■ **Aim of the task**: Whenever the string "moreover" turns up in a line below, that line should be copied.
Start of Material for this exercise
lemma numerical_semigroup_refl_sg:
  assumes "1 \<le> g" and "m = g \<or> \<not> m dvd g"
  shows "numerical_semigroup (refl_sg g m)"
  unfolding numerical_semigroup_def
proof (intro conjI ballI)
  show "0 \<in> refl_sg g m" using assms(1) by (simp add: refl_sg_def)
  show "finite (UNIV - refl_sg g m)" using refl_sg_gaps_subset finite_subset by blast
  fix x y assume x: "x \<in> refl_sg g m" and y: "y \<in> refl_sg g m"
  have low: "m dvd z" if "z \<in> refl_sg g m" "z < g" for z using that by (simp add: refl_sg_def)
  have mid: "\<not> m dvd (z - g)" if "z \<in> refl_sg g m" "g \<le> z" "z < 2*g" for z
    using that by (simp add: refl_sg_def)
  consider "x + y < g" | "2*g \<le> x + y" | "g \<le> x + y" "x + y < 2*g" by linarith
  then show "x + y \<in> refl_sg g m"
  proof cases
    case 1 then show ?thesis using low[OF x] low[OF y] by (simp add: refl_sg_def)
  next
    case 2 then show ?thesis by (simp add: refl_sg_def)
  next
    case 3
    have "\<not> m dvd (x + y - g)"
    proof
      assume dvd: "m dvd (x + y - g)"
      consider "x < g" "y < g" | "x < g" "g \<le> y" | "g \<le> x" "y < g" using 3 by linarith
      then show False
      proof cases
        case 1
        then have "m dvd g"
          using low[OF x] low[OF y] dvd 3 by (metis dvd_add dvd_diff_nat diff_diff_cancel)
        then have "m = g" using assms(2) by blast
        then show False using 1 3 low[OF x] low[OF y] by (auto dest!: dvd_imp_le)
      next
        case 2
        then have "m dvd x + (y - g)" using dvd by simp
        moreover have "\<not> m dvd (y - g)" using mid[OF y] 2 3 by simp
        ultimately show False using low[OF x] 2 by (metis dvd_add_right_iff)
      next
        case 3
        then have "m dvd y + (x - g)" using dvd by (simp add: add.commute)
        moreover have "\<not> m dvd (x - g)" using mid[OF x] 3 \<open>x + y < 2*g\<close> by simp
        ultimately show False using low[OF y] 3 by (metis dvd_add_right_iff)
      qed
    qed
    then show ?thesis using 3 by (simp add: refl_sg_def)
  qed
qed

lemma reflective_refl_sg:
  assumes "1 \<le> g" and "m = g \<or> \<not> m dvd g"
  shows "reflective (refl_sg g m)"
  unfolding reflective_def genus_refl_sg
  using numerical_semigroup_refl_sg[OF assms] assms(1) refl_sg_reflect by blast

lemma frobenius_refl_sg:
  assumes "1 \<le> g" and "1 \<le> m"
  shows "frobenius (refl_sg g m) = g + (g - 1) div m * m"
  unfolding frobenius_def
proof (rule Max_eqI)
  show "finite (UNIV - refl_sg g m)" using refl_sg_gaps_subset finite_subset by blast
  have "(g - 1) div m * m < g" using assms(1) div_times_less_eq_dividend[of "g - 1" m] by linarith
  then show "g + (g - 1) div m * m \<in> UNIV - refl_sg g m" by (simp add: refl_sg_def)
  fix y assume "y \<in> UNIV - refl_sg g m"
  then consider "y < g" | "g \<le> y" "y < 2*g" "m dvd (y - g)"
    unfolding refl_sg_def by (cases "y < g") auto
  then show "y \<le> g + (g - 1) div m * m"
  proof cases
    case 2
    then have "(y - g) div m \<le> (g - 1) div m" by (intro div_le_mono) linarith
    then have "y - g \<le> (g - 1) div m * m"
      using \<open>m dvd (y - g)\<close> by (metis dvd_div_mult_self mult_le_mono1)
    then show ?thesis using 2 by simp
  qed simp
qed

lemma refl_sg_eq_if_le:
  assumes "g \<le> m"
  shows "refl_sg g m = refl_sg g g"
proof -
  have "m dvd z \<longleftrightarrow> g dvd z" if "z < g" for z
  proof -
    have "m dvd z \<longleftrightarrow> z = 0" "g dvd z \<longleftrightarrow> z = 0" using assms that by (auto dest: dvd_imp_le)
    then show ?thesis by simp
  qed
  then show ?thesis
    unfolding refl_sg_def by (intro Collect_cong) (metis add_diff_cancel_left' less_diff_conv2 mult_2 not_le)
qed

lemma reflective_gaps_lt_double_genus:
  assumes "reflective S"
  shows "UNIV - S = {..<2 * genus S} - S"
proof -
  have fin: "finite (UNIV - S)" and reflect: "\<And>z. z < genus S \<Longrightarrow> (z \<in> S) \<noteq> (z + genus S \<in> S)"
    using assms by (auto simp: reflective_def numerical_semigroup_def)
  have "card ({..<2 * genus S} - S) = card (UNIV - S)"
    using card_lessThan_double_diff[OF reflect] by (simp add: genus_def)
  moreover have "{..<2 * genus S} - S \<subseteq> UNIV - S" by blast
  ultimately show ?thesis using card_subset_eq[OF fin] by metis
qed

lemma reflective_mem_if_ge_double_genus:
  assumes "reflective S" and "2 * genus S \<le> x"
  shows "x \<in> S"
proof (rule ccontr)
  assume "x \<notin> S"
  then have "x \<in> {..<2 * genus S}" using reflective_gaps_lt_double_genus[OF assms(1)] by blast
  then show False using assms(2) by simp
qed

lemma reflective_multiplicity:
  assumes "reflective S"
  defines "m \<equiv> LEAST x. 0 < x \<and> x \<in> S"
  shows "0 < m" "m \<in> S" "\<And>x. 0 < x \<Longrightarrow> x < m \<Longrightarrow> x \<notin> S"
proof -
  have "1 \<le> genus S" using assms(1) by (simp add: reflective_def)
  moreover have "2 * genus S \<in> S" using reflective_mem_if_ge_double_genus[OF assms(1)] by simp
  ultimately have "0 < 2 * genus S \<and> 2 * genus S \<in> S" by simp
  then have "0 < m \<and> m \<in> S" unfolding m_def by (rule LeastI)
  then show "0 < m" "m \<in> S" by simp_all
  fix x assume "0 < x" "x < m"
  then show "x \<notin> S" using not_less_Least[of x "\<lambda>x. 0 < x \<and> x \<in> S"] unfolding m_def by blast
qed

lemma reflective_eq_refl_sg:
  assumes "reflective S"
  defines "m \<equiv> LEAST x. 0 < x \<and> x \<in> S"
  shows "S = refl_sg (genus S) m"
proof -
  define g where "g = genus S"
  have S0: "0 \<in> S" and add: "\<And>x y. x \<in> S \<Longrightarrow> y \<in> S \<Longrightarrow> x + y \<in> S"
    and reflect: "\<And>z. z < g \<Longrightarrow> (z \<in> S) \<noteq> (z + g \<in> S)"
    using assms(1) by (auto simp: reflective_def numerical_semigroup_def g_def)
  note m = reflective_multiplicity[OF assms(1), folded m_def]
  have mult: "k * m \<in> S" for k by (induction k) (use S0 m(2) add in auto)
  have low: "x \<in> S \<longleftrightarrow> m dvd x" if "x < g" for x
  proof
    assume "m dvd x" then show "x \<in> S" using mult by (auto simp: mult.commute elim!: dvdE)
  next
    assume xS: "x \<in> S"
    show "m dvd x"
    proof (rule ccontr)
      assume "\<not> m dvd x"
      then have "x mod m \<notin> S" using m(1,3) by (simp add: dvd_eq_mod_eq_0)
      moreover have "x mod m < g" using that mod_less_eq_dividend[of x m] by linarith
      ultimately have "x mod m + g \<in> S" using reflect by blast
      \<comment> \<open>adding the multiple \<open>x div m * m\<close> of the multiplicity lands on the gap \<open>x + g\<close>\<close>
      then have "x div m * m + (x mod m + g) \<in> S" using mult add by blast
      then show False using reflect[OF that] xS by simp
    qed
  qed
  show ?thesis
  proof (rule set_eqI)
    fix x
    consider "x < g" | "g \<le> x" "x < 2*g" | "2*g \<le> x" by linarith
    then show "x \<in> S \<longleftrightarrow> x \<in> refl_sg (genus S) m"
    proof cases
      case 1
      then show ?thesis using low[OF 1] by (simp add: refl_sg_def g_def)
    next
      case 2
      then have "x - g < g" "x - g + g = x" by auto
      then have "x \<in> S \<longleftrightarrow> \<not> m dvd (x - g)" using reflect[of "x - g"] low[of "x - g"] by auto
      then show ?thesis using 2 by (simp add: refl_sg_def g_def)
    next
      case 3
      then show ?thesis
        using reflective_mem_if_ge_double_genus[OF assms(1)] by (simp add: refl_sg_def g_def)
    qed
  qed
qed

lemma reflective_obtain_refl_sg:
  assumes "reflective S"
  obtains m where "S = refl_sg (genus S) m" "1 \<le> m" "m = genus S \<or> m < genus S \<and> \<not> m dvd genus S"
proof -
  obtain g where g: "genus S = g" "1 \<le> g" using assms by (auto simp: reflective_def)
  define m where "m = (LEAST x. 0 < x \<and> x \<in> S)"
  have S: "S = refl_sg g m" unfolding g(1)[symmetric] m_def by (rule reflective_eq_refl_sg[OF assms])
  have add: "\<And>x y. x \<in> S \<Longrightarrow> y \<in> S \<Longrightarrow> x + y \<in> S"
    using assms by (simp add: reflective_def numerical_semigroup_def)
  have m: "0 < m" "m \<in> S" using reflective_multiplicity[OF assms, folded m_def] by blast+
  show ?thesis
  proof (cases "g \<le> m")
    case True
    then show ?thesis using that[of g] S refl_sg_eq_if_le[OF True] g by simp
  next
    case False
    have "\<not> m dvd g"
    proof
      \<comment> \<open>otherwise \<open>g - m\<close> and hence \<open>g = (g - m) + m\<close> would lie in \<open>S\<close>, but \<open>0 \<in> S\<close> forces \<open>g \<notin> S\<close>\<close>
      assume "m dvd g"
      then have "g - m \<in> S" using S False m(1) by (simp add: refl_sg_def dvd_diff_nat)
      moreover have "g - m + m = g" using False by simp
      ultimately have "g \<in> S" using add[OF _ m(2)] by metis
      then show False using S g(2) by (simp add: refl_sg_def)
    qed
    then show ?thesis using that[of m] S False m(1) g(1) by simp
  qed
qed

section \<open>Counting by the Frobenius number\<close>

definition frobenius_moduli :: "nat \<Rightarrow> nat set" where
  "frobenius_moduli F = {d. 2 \<le> d \<and> 2*d < F \<and> 0 < F mod (2*d) \<and> F mod (2*d) < d}"

text \<open>
  Writing \<open>g = q m + r\<close> with \<open>0 < r < m\<close>, the Frobenius number of \<open>refl_sg g m\<close> is \<open>F = q (2m) + r\<close>;
  so \<open>m\<close> is one of the \<open>frobenius_moduli F\<close> and \<open>g\<close> is recovered from \<open>F\<close> and \<open>m\<close> as follows.
\<close>

definition genus_for_modulus :: "nat \<Rightarrow> nat \<Rightarrow> nat" where
  "genus_for_modulus F d = F div (2*d) * d + F mod (2*d)"

lemma finite_frobenius_moduli: "finite (frobenius_moduli F)"
  by (rule finite_subset[of _ "{..<F}"]) (auto simp: frobenius_moduli_def)

lemma pred_add_mult_div_eq:
  assumes "0 < r" "r \<le> m"
  shows "(r + q * m - 1) div m = (q::nat)"
proof -
  have "r + q * m - 1 = (r - 1) + q * m" using assms(1) by simp
  then have "(r + q * m - 1) div m = ((r - 1) + q * m) div m" by (simp only:)
  also have "\<dots> = q + (r - 1) div m" using assms by (intro div_mult_self1) simp
  also have "(r - 1) div m = 0" using assms by (intro div_less) linarith
  finally show ?thesis by simp
qed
End of Material for this exercise
■ **Response box**:
        moreover have "\<not> m dvd (y - g)" using mid[OF y] 2 3 by simp
        moreover have "\<not> m dvd (x - g)" using mid[OF x] 3 \<open>x + y < 2*g\<close> by simp
  moreover have "{..<2 * genus S} - S \<subseteq> UNIV - S" by blast
  moreover have "2 * genus S \<in> S" using reflective_mem_if_ge_double_genus[OF assms(1)] by simp
      moreover have "x mod m < g" using that mod_less_eq_dividend[of x m] by linarith
      moreover have "g - m + m = g" using False by simp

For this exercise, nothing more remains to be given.